definition R :: "real \<Rightarrow> nat \<Rightarrow> nat \<Rightarrow> real" where
  "R p B n = expect p n (\<lambda>_. sym_eq p B n)
     (\<lambda>w s a. real (num_act n a) / real n * (if B \<le> num_act n a then 1 else 0))"

end

(*
  In the unique symmetric equilibrium every player invests after a high signal, and after a low
  signal with the probability y that makes a low-signal player indifferent (or y = 0 if even
  y = 0 makes investing unprofitable).  Writing T(q) for the probability that at least B - 1 of
  the other n - 1 players invest when each does so with probability q, indifference reads
  (1 - p) T(q_H) = p T(q_L) with q_H = p + (1 - p) y and q_L = 1 - p + p y; it has at most one
  solution because T(q_H)/T(q_L) is strictly decreasing in y.

  Substituting the indifference condition into R = (q_H T(q_H) + q_L T(q_L))/2 gives
  R = T(q_H) (p q_H + (1 - p) q_L) / (2p) <= 1/(2p).  Conversely, for B = n - K with K of
  order sqrt n, Chebyshev's inequality forces y >= 1 - 2K/(n - 1), hence T(q_H) >= 1 - O(1/K)
  and R >= 1/(2p) - o(1).
*)

theory Submission
  imports Defs "HOL-Real_Asymp.Real_Asymp"
begin

section \<open>Binomial expectations and tails\<close>

definition binom_expect :: "nat \<Rightarrow> real \<Rightarrow> (nat \<Rightarrow> real) \<Rightarrow> real" where
  "binom_expect m q h = (\<Sum>k\<le>m. real (m choose k) * q^k * (1-q)^(m-k) * h k)"

lemma binom_expect_0 [simp]: "binom_expect 0 q h = h 0"
  by (simp add: binom_expect_def)

lemma binom_expect_Suc:
  "binom_expect (Suc m) q h = q * binom_expect m q (\<lambda>k. h (Suc k)) + (1-q) * binom_expect m q h"
proof -
  define A where "A k = real (m choose k) * q^k * (1-q)^(Suc m - k) * h k" for k
  define C where "C k = (if k = 0 then 0 else real (m choose (k-1)) * q^k * (1-q)^(Suc m - k) * h k)" for k
  have A: "(1-q) * binom_expect m q h = (\<Sum>k\<le>Suc m. A k)"
  proof -
    have "(1-q) * binom_expect m q h = (\<Sum>k\<le>m. A k)"
      unfolding binom_expect_def A_def sum_distrib_left
      by (rule sum.cong) (auto simp: Suc_diff_le mult_ac)
    also have "\<dots> = (\<Sum>k\<le>Suc m. A k)" by (simp add: A_def)
    finally show ?thesis .
  qed
  have C: "q * binom_expect m q (\<lambda>k. h (Suc k)) = (\<Sum>k\<le>Suc m. C k)"
  proof -
    have "q * binom_expect m q (\<lambda>k. h (Suc k)) = (\<Sum>k\<le>m. C (Suc k))"
      unfolding binom_expect_def C_def sum_distrib_left
      by (rule sum.cong) (auto simp: mult_ac)
    also have "\<dots> = (\<Sum>k\<le>Suc m. C k)" by (subst sum.atMost_Suc_shift) (simp add: C_def)
    finally show ?thesis .
  qed
  have "binom_expect (Suc m) q h = (\<Sum>k\<le>Suc m. A k + C k)"
    unfolding binom_expect_def
  proof (rule sum.cong[OF refl])
    fix k
    show "real (Suc m choose k) * q ^ k * (1 - q) ^ (Suc m - k) * h k = A k + C k"
      by (cases k) (simp_all add: A_def C_def algebra_simps)
  qed
  then show ?thesis using A C by (simp add: sum.distrib)
qed

lemma binom_expect_cong:
  "(\<And>k. k \<le> m \<Longrightarrow> h k = g k) \<Longrightarrow> binom_expect m q h = binom_expect m q g"
  unfolding binom_expect_def by (rule sum.cong) auto

lemma binom_expect_cmult: "binom_expect m q (\<lambda>k. c * h k) = c * binom_expect m q h"
  unfolding binom_expect_def sum_distrib_left by (rule sum.cong) auto

lemma binom_expect_add:
  "binom_expect m q (\<lambda>k. h k + g k) = binom_expect m q h + binom_expect m q g"
  unfolding binom_expect_def by (simp add: distrib_left sum.distrib)

lemma binom_expect_diff:
  "binom_expect m q (\<lambda>k. h k - g k) = binom_expect m q h - binom_expect m q g"
  unfolding binom_expect_def by (simp add: right_diff_distrib sum_subtractf)

lemma binom_expect_const [simp]: "binom_expect m q (\<lambda>_. c) = c"
proof -
  have "binom_expect m q (\<lambda>_. 1) = 1"
    by (induction m) (simp_all add: binom_expect_Suc)
  then show ?thesis using binom_expect_cmult[of m q c "\<lambda>_. 1"] by simp
qed

lemma binom_expect_mono:
  "0 \<le> q \<Longrightarrow> q \<le> 1 \<Longrightarrow> (\<And>k. k \<le> m \<Longrightarrow> h k \<le> g k) \<Longrightarrow> binom_expect m q h \<le> binom_expect m q g"
  unfolding binom_expect_def by (intro sum_mono mult_left_mono) auto

lemma binom_expect_mean: "binom_expect m q real = real m * q"
proof (induction m)
  case (Suc m)
  have "binom_expect m q (\<lambda>k. real (Suc k)) = real m * q + 1"
    using binom_expect_add[of m q "\<lambda>_. 1" real] Suc by (simp add: add.commute)
  then show ?case using Suc by (simp add: binom_expect_Suc algebra_simps)
qed simp

lemma binom_expect_square:
  "binom_expect m q (\<lambda>k. (real k)^2) = real m * q + real m * (real m - 1) * q^2"
proof (induction m)
  case (Suc m)
  have "binom_expect m q (\<lambda>k. (real (Suc k))^2)
      = binom_expect m q (\<lambda>k. (real k)^2 + (2 * real k + 1))"
    by (simp add: power2_eq_square algebra_simps)
  also have "\<dots> = binom_expect m q (\<lambda>k. (real k)^2) + 2 * binom_expect m q real + 1"
    by (simp add: binom_expect_add binom_expect_cmult)
  finally show ?case
    using Suc by (simp add: binom_expect_Suc binom_expect_mean power2_eq_square algebra_simps)
qed simp

lemma binom_expect_variance:
  "binom_expect m q (\<lambda>k. (real k - real m * q)^2) = real m * q * (1 - q)"
proof -
  have "binom_expect m q (\<lambda>k. (real k - real m * q)^2)
      = binom_expect m q (\<lambda>k. (real k)^2 - (2 * real m * q) * real k + (real m * q)^2)"
    by (rule binom_expect_cong) (simp add: power2_diff algebra_simps)
  also have "\<dots> = binom_expect m q (\<lambda>k. (real k)^2) - (2 * real m * q) * binom_expect m q real
      + (real m * q)^2"
    by (simp add: binom_expect_add binom_expect_diff binom_expect_cmult)
  also have "\<dots> = real m * q * (1 - q)"
    unfolding binom_expect_square binom_expect_mean by (simp add: power2_eq_square algebra_simps)
  finally show ?thesis .
qed

lemma binom_expect_times_index:
  "binom_expect (Suc m) q (\<lambda>k. real k * h k) = real (Suc m) * q * binom_expect m q (\<lambda>k. h (Suc k))"
proof (induction m arbitrary: h)
  case 0
  then show ?case by (simp add: binom_expect_Suc)
next
  case (Suc m)
  have "binom_expect (Suc (Suc m)) q (\<lambda>k. real k * h k)
      = q * binom_expect (Suc m) q (\<lambda>k. h (Suc k) + real k * h (Suc k))
        + (1-q) * binom_expect (Suc m) q (\<lambda>k. real k * h k)"
    by (simp add: binom_expect_Suc algebra_simps)
  also have "\<dots> = q * binom_expect (Suc m) q (\<lambda>k. h (Suc k))
      + q * (real (Suc m) * q * binom_expect m q (\<lambda>k. h (Suc (Suc k))))
      + (1-q) * (real (Suc m) * q * binom_expect m q (\<lambda>k. h (Suc k)))"
    using Suc[of "\<lambda>k. h (Suc k)"] Suc[of h] by (simp add: binom_expect_add distrib_left)
  also have "\<dots> = real (Suc (Suc m)) * q * binom_expect (Suc m) q (\<lambda>k. h (Suc k))"
    by (simp add: binom_expect_Suc algebra_simps)
  finally show ?case .
qed

definition binom_lower_tail :: "nat \<Rightarrow> nat \<Rightarrow> real \<Rightarrow> real" where
  "binom_lower_tail m r q = (\<Sum>k<r. real (m choose k) * q^k * (1-q)^(m-k))"

definition binom_tail :: "nat \<Rightarrow> nat \<Rightarrow> real \<Rightarrow> real" where
  "binom_tail m r q = (\<Sum>k\<in>{r..m}. real (m choose k) * q^k * (1-q)^(m-k))"

lemma binom_expect_indicator_ge:
  "binom_expect m q (\<lambda>k. if r \<le> k then 1 else 0) = binom_tail m r q"
proof -
  have "{k\<in>{..m}. r \<le> k} = {r..m}" by auto
  then show ?thesis
    unfolding binom_expect_def binom_tail_def
    using sum.inter_filter[of "{..m}" "\<lambda>k. real (m choose k) * q^k * (1-q)^(m-k)" "\<lambda>k. r \<le> k"]
    by (simp add: if_distrib cong: if_cong)
qed

lemma binom_expect_indicator_less:
  assumes "r \<le> Suc m"
  shows "binom_expect m q (\<lambda>k. if k < r then 1 else 0) = binom_lower_tail m r q"
proof -
  have "{k\<in>{..m}. k < r} = {..<r}" using assms by auto
  then show ?thesis
    unfolding binom_expect_def binom_lower_tail_def
    using sum.inter_filter[of "{..m}" "\<lambda>k. real (m choose k) * q^k * (1-q)^(m-k)" "\<lambda>k. k < r"]
    by (simp add: if_distrib cong: if_cong)
qed

lemma binom_lower_tail_add_tail:
  assumes "r \<le> Suc m"
  shows "binom_lower_tail m r q + binom_tail m r q = 1"
proof -
  have "binom_expect m q (\<lambda>k. (if k < r then 1 else 0) + (if r \<le> k then 1 else 0))
      = binom_expect m q (\<lambda>_. 1)"
    by (rule binom_expect_cong) simp
  then show ?thesis
    by (simp add: binom_expect_add binom_expect_indicator_ge binom_expect_indicator_less[OF assms])
qed

lemma binom_tail_nonneg: "0 \<le> q \<Longrightarrow> q \<le> 1 \<Longrightarrow> 0 \<le> binom_tail m r q"
  unfolding binom_tail_def by (intro sum_nonneg) auto

lemma binom_tail_le_1:
  assumes "0 \<le> q" "q \<le> 1" "r \<le> Suc m"
  shows "binom_tail m r q \<le> 1"
proof -
  have "0 \<le> binom_lower_tail m r q"
    unfolding binom_lower_tail_def using assms by (intro sum_nonneg) auto
  then show ?thesis using binom_lower_tail_add_tail[OF assms(3), of q] by linarith
qed

lemma binom_tail_pos:
  assumes "0 < q" "q \<le> 1" "r \<le> m"
  shows "0 < binom_tail m r q"
proof -
  have "0 < real (m choose m) * q^m * (1-q)^(m-m)" using assms by simp
  also have "\<dots> \<le> binom_tail m r q"
    unfolding binom_tail_def using assms
    by (intro member_le_sum[of m "{r..m}" "\<lambda>k. real (m choose k) * q^k * (1-q)^(m-k)"]) auto
  finally show ?thesis .
qed

lemma binom_tail_0 [simp]: "binom_tail m 0 q = 1"
  using binom_lower_tail_add_tail[of 0 m q] by (simp add: binom_lower_tail_def)

lemma binom_tail_at_0: "1 \<le> r \<Longrightarrow> binom_tail m r 0 = 0"
  unfolding binom_tail_def by (intro sum.neutral) auto

lemma binom_tail_at_1:
  assumes "r \<le> m"
  shows "binom_tail m r 1 = 1"
proof -
  have "binom_tail m r 1 = (\<Sum>k\<in>{r..m}. if k = m then 1 else 0)"
    unfolding binom_tail_def by (intro sum.cong) auto
  then show ?thesis using assms by simp
qed

lemma binom_tail_ge_chebyshev:
  assumes "0 \<le> q" "q \<le> 1" "r \<le> m" "0 < D" "D \<le> real m * q - real r"
  shows "1 - real m * q * (1-q) / D^2 \<le> binom_tail m r q"
proof -
  have "binom_lower_tail m r q = binom_expect m q (\<lambda>k. if k < r then 1 else 0)"
    using binom_expect_indicator_less assms by simp
  also have "\<dots> \<le> binom_expect m q (\<lambda>k. (real k - real m * q)^2 / D^2)"
  proof (rule binom_expect_mono)
    fix k assume "k \<le> m"
    show "(if k < r then 1 else 0) \<le> (real k - real m * q)^2 / D^2"
    proof (cases "k < r")
      case True
      then have "D \<le> real m * q - real k" using assms by linarith
      then have "D^2 \<le> (real m * q - real k)^2" using assms by (intro power_mono) auto
      then have "D^2 \<le> (real k - real m * q)^2" by (simp add: power2_commute)
      then show ?thesis using True assms by simp
    qed simp
  qed (use assms in auto)
  also have "\<dots> = real m * q * (1-q) / D^2"
    using binom_expect_cmult[of m q "1/D^2"] binom_expect_variance[of m q] by simp
  finally show ?thesis using binom_lower_tail_add_tail[of r m q] assms by simp
qed

lemma binom_tail_le_chebyshev:
  assumes "0 \<le> q" "q \<le> 1" "0 < D" "D \<le> real r - real m * q"
  shows "binom_tail m r q \<le> real m * q * (1-q) / D^2"
proof -
  have "binom_tail m r q = binom_expect m q (\<lambda>k. if r \<le> k then 1 else 0)"
    by (simp add: binom_expect_indicator_ge)
  also have "\<dots> \<le> binom_expect m q (\<lambda>k. (real k - real m * q)^2 / D^2)"
  proof (rule binom_expect_mono)
    fix k assume "k \<le> m"
    show "(if r \<le> k then 1 else 0) \<le> (real k - real m * q)^2 / D^2"
    proof (cases "r \<le> k")
      case True
      then have "D \<le> real k - real m * q" using assms by linarith
      then have "D^2 \<le> (real k - real m * q)^2" using assms by (intro power_mono) auto
      then show ?thesis using True assms by simp
    qed simp
  qed (use assms in auto)
  also have "\<dots> = real m * q * (1-q) / D^2"
    using binom_expect_cmult[of m q "1/D^2"] binom_expect_variance[of m q] by simp
  finally show ?thesis .
qed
##########
Task description> Taking the entries above, write out exactly the lines starting with the line containing "unfolding binom_expect_def by (rule" and going on through the line containing "by (induction m)", both included, and nothing else.

Reply>
  unfolding binom_expect_def by (rule sum.cong) auto

lemma binom_expect_cmult: "binom_expect m q (\<lambda>k. c * h k) = c * binom_expect m q h"
  unfolding binom_expect_def sum_distrib_left by (rule sum.cong) auto

lemma binom_expect_add:
  "binom_expect m q (\<lambda>k. h k + g k) = binom_expect m q h + binom_expect m q g"
  unfolding binom_expect_def by (simp add: distrib_left sum.distrib)

lemma binom_expect_diff:
  "binom_expect m q (\<lambda>k. h k - g k) = binom_expect m q h - binom_expect m q g"
  unfolding binom_expect_def by (simp add: right_diff_distrib sum_subtractf)

lemma binom_expect_const [simp]: "binom_expect m q (\<lambda>_. c) = c"
proof -
  have "binom_expect m q (\<lambda>_. 1) = 1"
    by (induction m) (simp_all add: binom_expect_Suc)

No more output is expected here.